(* Let $n\ge3$, $\beta>0$, $\gamma>1$ with $\beta\gamma<n$, $p,q>0$ with $q\ge p$ and $pq>(\gamma-1)^2$, $\sigma_1,\sigma_2\in(-\beta\gamma,\infty)$ with $\sigma_1\le\sigma_2$, $c_1,c_2$ double bounded, and assume $$q_0+p_0\le\frac{n-\beta\gamma}{\gamma-1}.$$ Let $(u,v)$ be a bounded and decaying positive solution of the system $u(x)=c_1(x)W_{\beta,\gamma}(|y|^{\sigma_1}v^q)(x)$, $v(x)=c_2(x)W_{\beta,\gamma}(|y|^{\sigma_2}u^p)(x)$. Then $(u,v)$ is an optimal integrable solution if and only if $(u,v)$ decays with the fast rates as $|x|\to\infty$.
   Context: For $f\ge 0$, $f\in L^1_{loc}(\mathbb{R}^n)$, the Wolff potential is $W_{\beta,\gamma}(f)(x)=\int_0^\infty\Big(\frac{\int_{B_t(x)}f(y)\,dy}{t^{n-\beta\gamma}}\Big)^{\frac{1}{\gamma-1}}\frac{dt}{t}$. A function $c$ is double bounded if $1/C\le c(x)\le C$ for some $C>0$ and all $x$. A solution is a pair of nonnegative $u,v\in L^1_{loc}(\mathbb{R}^n)$ satisfying both equations a.e.; positive if $u,v>0$. For positive $f$, $f(x)\simeq g(x)$ means $1/c\le f(x)/g(x)\le c$ for some $c>0$ and all sufficiently large $|x|$. A positive solution is decaying if $u(x)\simeq|x|^{-\theta_1}$, $v(x)\simeq|x|^{-\theta_2}$ for some $\theta_1,\theta_2>0$. $q_0=\frac{\beta\gamma(\gamma-1+q)+(\gamma-1)\sigma_1+\sigma_2 q}{pq-(\gamma-1)^2}$, $p_0=\frac{\beta\gamma(\gamma-1+p)+(\gamma-1)\sigma_2+\sigma_1 p}{pq-(\gamma-1)^2}$. $(u,v)$ is an optimal integrable solution if $(u,v)\in L^r(\mathbb{R}^n)\times L^s(\mathbb{R}^n)$ for all $r,s$ with $r>\frac{n(\gamma-1)}{n-\beta\gamma}$ and $s>\max\big\{\frac{n(\gamma-1)}{n-\beta\gamma},\frac{n(\gamma-1)}{p\frac{n-\beta\gamma}{\gamma-1}-(\beta\gamma+\sigma_2)}\big\}$. $(u,v)$ decays with the fast rates if $u(x)\simeq|x|^{-\frac{n-\beta\gamma}{\gamma-1}}$ and $v(x)\simeq|x|^{-\frac{n-\beta\gamma}{\gamma-1}}$ if $p\frac{n-\beta\gamma}{\gamma-1}-\sigma_2>n$; $v(x)\simeq|x|^{-\frac{n-\beta\gamma}{\gamma-1}}(\ln|x|)^{\frac{1}{\gamma-1}}$ if $p\frac{n-\beta\gamma}{\gamma-1}-\sigma_2=n$; $v(x)\simeq|x|^{-\frac{p\frac{n-\beta\gamma}{\gamma-1}-(\beta\gamma+\sigma_2)}{\gamma-1}}$ if $p\frac{n-\beta\gamma}{\gamma-1}-\sigma_2<n$. *)

theory Defs
  imports "HOL-Analysis.Analysis"
begin

text \<open>Euclidean space R^n is modelled as real^'n, with n = CARD('n).\<close>

definition wolff :: "real \<Rightarrow> real \<Rightarrow> (real^'n::finite \<Rightarrow> real) \<Rightarrow> real^'n \<Rightarrow> ennreal" where
  "wolff \<beta> \<gamma> f x =
     (\<integral>\<^sup>+ t \<in> {0<..}.
        (let I = (\<integral>\<^sup>+ y \<in> ball x t. ennreal (f y) \<partial>lborel) in
         if I = \<infinity> then \<infinity>
         else ennreal ((enn2real I / t powr (real CARD('n) - \<beta> * \<gamma>)) powr (1 / (\<gamma> - 1)) / t))
      \<partial>lborel)"

definition double_bounded :: "('a \<Rightarrow> real) \<Rightarrow> bool" where
  "double_bounded c \<longleftrightarrow> (\<exists>C>0. \<forall>x. 1 / C \<le> c x \<and> c x \<le> C)"

definition locally_integrable :: "(real^'n::finite \<Rightarrow> real) \<Rightarrow> bool" where
  "locally_integrable f \<longleftrightarrow> (\<forall>K. compact K \<longrightarrow> set_integrable lborel K f)"

definition asym_eq :: "(real^'n::finite \<Rightarrow> real) \<Rightarrow> (real^'n \<Rightarrow> real) \<Rightarrow> bool" where
  "asym_eq f g \<longleftrightarrow> (\<exists>c>0. \<exists>R. \<forall>x. norm x \<ge> R \<longrightarrow> 1 / c \<le> f x / g x \<and> f x / g x \<le> c)"

definition is_solution ::
  "real \<Rightarrow> real \<Rightarrow> real \<Rightarrow> real \<Rightarrow> real \<Rightarrow> real \<Rightarrow> (real^'n::finite \<Rightarrow> real) \<Rightarrow> (real^'n \<Rightarrow> real)
   \<Rightarrow> (real^'n \<Rightarrow> real) \<Rightarrow> (real^'n \<Rightarrow> real) \<Rightarrow> bool" where
  "is_solution \<beta> \<gamma> p q \<sigma>1 \<sigma>2 c1 c2 u v \<longleftrightarrow>
     (\<forall>x. u x \<ge> 0) \<and> (\<forall>x. v x \<ge> 0) \<and> locally_integrable u \<and> locally_integrable v \<and>
     (AE x in lborel. ennreal (u x) = ennreal (c1 x) * wolff \<beta> \<gamma> (\<lambda>y. norm y powr \<sigma>1 * v y powr q) x) \<and>
     (AE x in lborel. ennreal (v x) = ennreal (c2 x) * wolff \<beta> \<gamma> (\<lambda>y. norm y powr \<sigma>2 * u y powr p) x)"

definition decaying :: "(real^'n::finite \<Rightarrow> real) \<Rightarrow> (real^'n \<Rightarrow> real) \<Rightarrow> bool" where
  "decaying u v \<longleftrightarrow> (\<forall>x. u x > 0) \<and> (\<forall>x. v x > 0) \<and>
     (\<exists>\<theta>1>0. \<exists>\<theta>2>0. asym_eq u (\<lambda>x. norm x powr (-\<theta>1)) \<and> asym_eq v (\<lambda>x. norm x powr (-\<theta>2)))"

definition q0 :: "real \<Rightarrow> real \<Rightarrow> real \<Rightarrow> real \<Rightarrow> real \<Rightarrow> real \<Rightarrow> real" where
  "q0 \<beta> \<gamma> p q \<sigma>1 \<sigma>2 =
     (\<beta> * \<gamma> * (\<gamma> - 1 + q) + (\<gamma> - 1) * \<sigma>1 + \<sigma>2 * q) / (p * q - (\<gamma> - 1)\<^sup>2)"

definition p0 :: "real \<Rightarrow> real \<Rightarrow> real \<Rightarrow> real \<Rightarrow> real \<Rightarrow> real \<Rightarrow> real" where
  "p0 \<beta> \<gamma> p q \<sigma>1 \<sigma>2 =
     (\<beta> * \<gamma> * (\<gamma> - 1 + p) + (\<gamma> - 1) * \<sigma>2 + \<sigma>1 * p) / (p * q - (\<gamma> - 1)\<^sup>2)"

definition optimal_integrable ::
  "real \<Rightarrow> real \<Rightarrow> real \<Rightarrow> real \<Rightarrow> (real^'n::finite \<Rightarrow> real) \<Rightarrow> (real^'n \<Rightarrow> real) \<Rightarrow> bool" where
  "optimal_integrable \<beta> \<gamma> p \<sigma>2 u v \<longleftrightarrow>
     (let n = real CARD('n) in
      (\<forall>r. r > n * (\<gamma> - 1) / (n - \<beta> * \<gamma>) \<longrightarrow> integrable lborel (\<lambda>x. \<bar>u x\<bar> powr r)) \<and>
      (\<forall>s. s > max (n * (\<gamma> - 1) / (n - \<beta> * \<gamma>))
                   (n * (\<gamma> - 1) / (p * ((n - \<beta> * \<gamma>) / (\<gamma> - 1)) - (\<beta> * \<gamma> + \<sigma>2)))
           \<longrightarrow> integrable lborel (\<lambda>x. \<bar>v x\<bar> powr s)))"

definition fast_rates ::
  "real \<Rightarrow> real \<Rightarrow> real \<Rightarrow> real \<Rightarrow> (real^'n::finite \<Rightarrow> real) \<Rightarrow> (real^'n \<Rightarrow> real) \<Rightarrow> bool" where
  "fast_rates \<beta> \<gamma> p \<sigma>2 u v \<longleftrightarrow>
     (let n = real CARD('n); a = (n - \<beta> * \<gamma>) / (\<gamma> - 1) in
      asym_eq u (\<lambda>x. norm x powr (-a)) \<and>
      (p * a - \<sigma>2 > n \<longrightarrow> asym_eq v (\<lambda>x. norm x powr (-a))) \<and>
      (p * a - \<sigma>2 = n \<longrightarrow> asym_eq v (\<lambda>x. norm x powr (-a) * ln (norm x) powr (1 / (\<gamma> - 1)))) \<and>
      (p * a - \<sigma>2 < n \<longrightarrow> asym_eq v (\<lambda>x. norm x powr (-((p * a - (\<beta> * \<gamma> + \<sigma>2)) / (\<gamma> - 1))))))"

end

theory Submission
  imports Defs "HOL-Real_Asymp.Real_Asymp"
begin

text \<open>
  Let a = (n - \<beta>\<gamma>)/(\<gamma> - 1), b = (p a - \<beta>\<gamma> - \<sigma>2)/(\<gamma> - 1), u \<simeq> |x|^-\<theta>1 and v \<simeq> |x|^-\<theta>2.
  Every nonzero nonnegative f has W(f)(x) \<gtrsim> |x|^-a, so the equations force \<theta>1, \<theta>2 \<le> a.
  A bounded function \<simeq> |x|^-\<theta> has |f|^s integrable iff s\<theta> > n, so optimal integrability
  says \<theta>1 \<ge> a and \<theta>2 \<ge> min a b (\<theta>2 \<ge> a when b \<le> 0). Conversely, once u \<simeq> |x|^-a, the
  source |y|^\<sigma>2 u^p of the second equation is \<gtrsim> |y|^(\<sigma>2 - p a), whose potential is
  \<gtrsim> |x|^-e for every e > 0 with e \<ge> b; this pins \<theta>2 to the fast rate and rules out b \<le> 0.
  In the critical case a = b the potential beats |x|^-a by a logarithmic factor, so neither
  side holds for a power-decaying solution.
\<close>

section \<open>Annuli and dyadic decompositions\<close>

lemma emeasure_ball_0:
  assumes "r \<ge> 0"
  shows "emeasure lborel (ball (0::real^'n::finite) r) = ennreal (unit_ball_vol (real CARD('n)) * r ^ CARD('n))"
  using emeasure_ball[OF assms, where c="0::real^'n"] by simp

lemma emeasure_annulus:
  assumes "0 \<le> r" "r \<le> r'"
  shows "emeasure lborel (ball (0::real^'n::finite) r' - ball 0 r)
    = ennreal (unit_ball_vol (real CARD('n)) * (r' ^ CARD('n) - r ^ CARD('n)))"
proof -
  have "emeasure lborel (ball (0::real^'n) r' - ball 0 r) = emeasure lborel (ball (0::real^'n) r') - emeasure lborel (ball (0::real^'n) r)"
    using assms by (intro emeasure_Diff) (auto simp: emeasure_ball_0)
  also have "\<dots> = ennreal (unit_ball_vol (real CARD('n)) * (r' ^ CARD('n) - r ^ CARD('n)))"
    using assms by (simp add: emeasure_ball_0 ennreal_minus right_diff_distrib)
  finally show ?thesis .
qed

lemma emeasure_annulus_pos:
  assumes "0 \<le> r" "r < r'"
  shows "emeasure lborel (ball (0::real^'n::finite) r' - ball 0 r) > 0"
proof -
  have "r ^ CARD('n) < r' ^ CARD('n)" using assms by (intro power_strict_mono) auto
  thus ?thesis using assms by (simp add: emeasure_annulus)
qed

lemma nn_integral_annulus_ge:
  fixes g :: "real^'n::finite \<Rightarrow> real"
  assumes "0 \<le> r" "r \<le> r'" "m \<ge> 0"
    and "\<And>y. r \<le> norm y \<Longrightarrow> norm y < r' \<Longrightarrow> m \<le> g y"
  shows "ennreal (m * (unit_ball_vol (real CARD('n)) * (r' ^ CARD('n) - r ^ CARD('n))))
    \<le> (\<integral>\<^sup>+y\<in>ball 0 r' - ball 0 r. ennreal (g y) \<partial>lborel)"
proof -
  have "ennreal (m * (unit_ball_vol (real CARD('n)) * (r' ^ CARD('n) - r ^ CARD('n))))
      = ennreal m * emeasure lborel (ball (0::real^'n) r' - ball 0 r)"
    using assms by (simp add: emeasure_annulus ennreal_mult)
  also have "\<dots> = (\<integral>\<^sup>+y. ennreal m * indicator (ball (0::real^'n) r' - ball 0 r) y \<partial>lborel)"
    by (rule nn_integral_cmult_indicator[symmetric]) auto
  also have "\<dots> \<le> (\<integral>\<^sup>+y\<in>ball 0 r' - ball 0 r. ennreal (g y) \<partial>lborel)"
    using assms(4) by (intro nn_integral_mono)
      (auto split: split_indicator simp: dist_norm not_less intro!: ennreal_leI)
  finally show ?thesis .
qed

**The task**
Each line above that includes the word "auto" is to be copied.

**Answer**
    using assms by (intro emeasure_Diff) (auto simp: emeasure_ball_0)
  have "r ^ CARD('n) < r' ^ CARD('n)" using assms by (intro power_strict_mono) auto
    by (rule nn_integral_cmult_indicator[symmetric]) auto
      (auto split: split_indicator simp: dist_norm not_less intro!: ennreal_leI)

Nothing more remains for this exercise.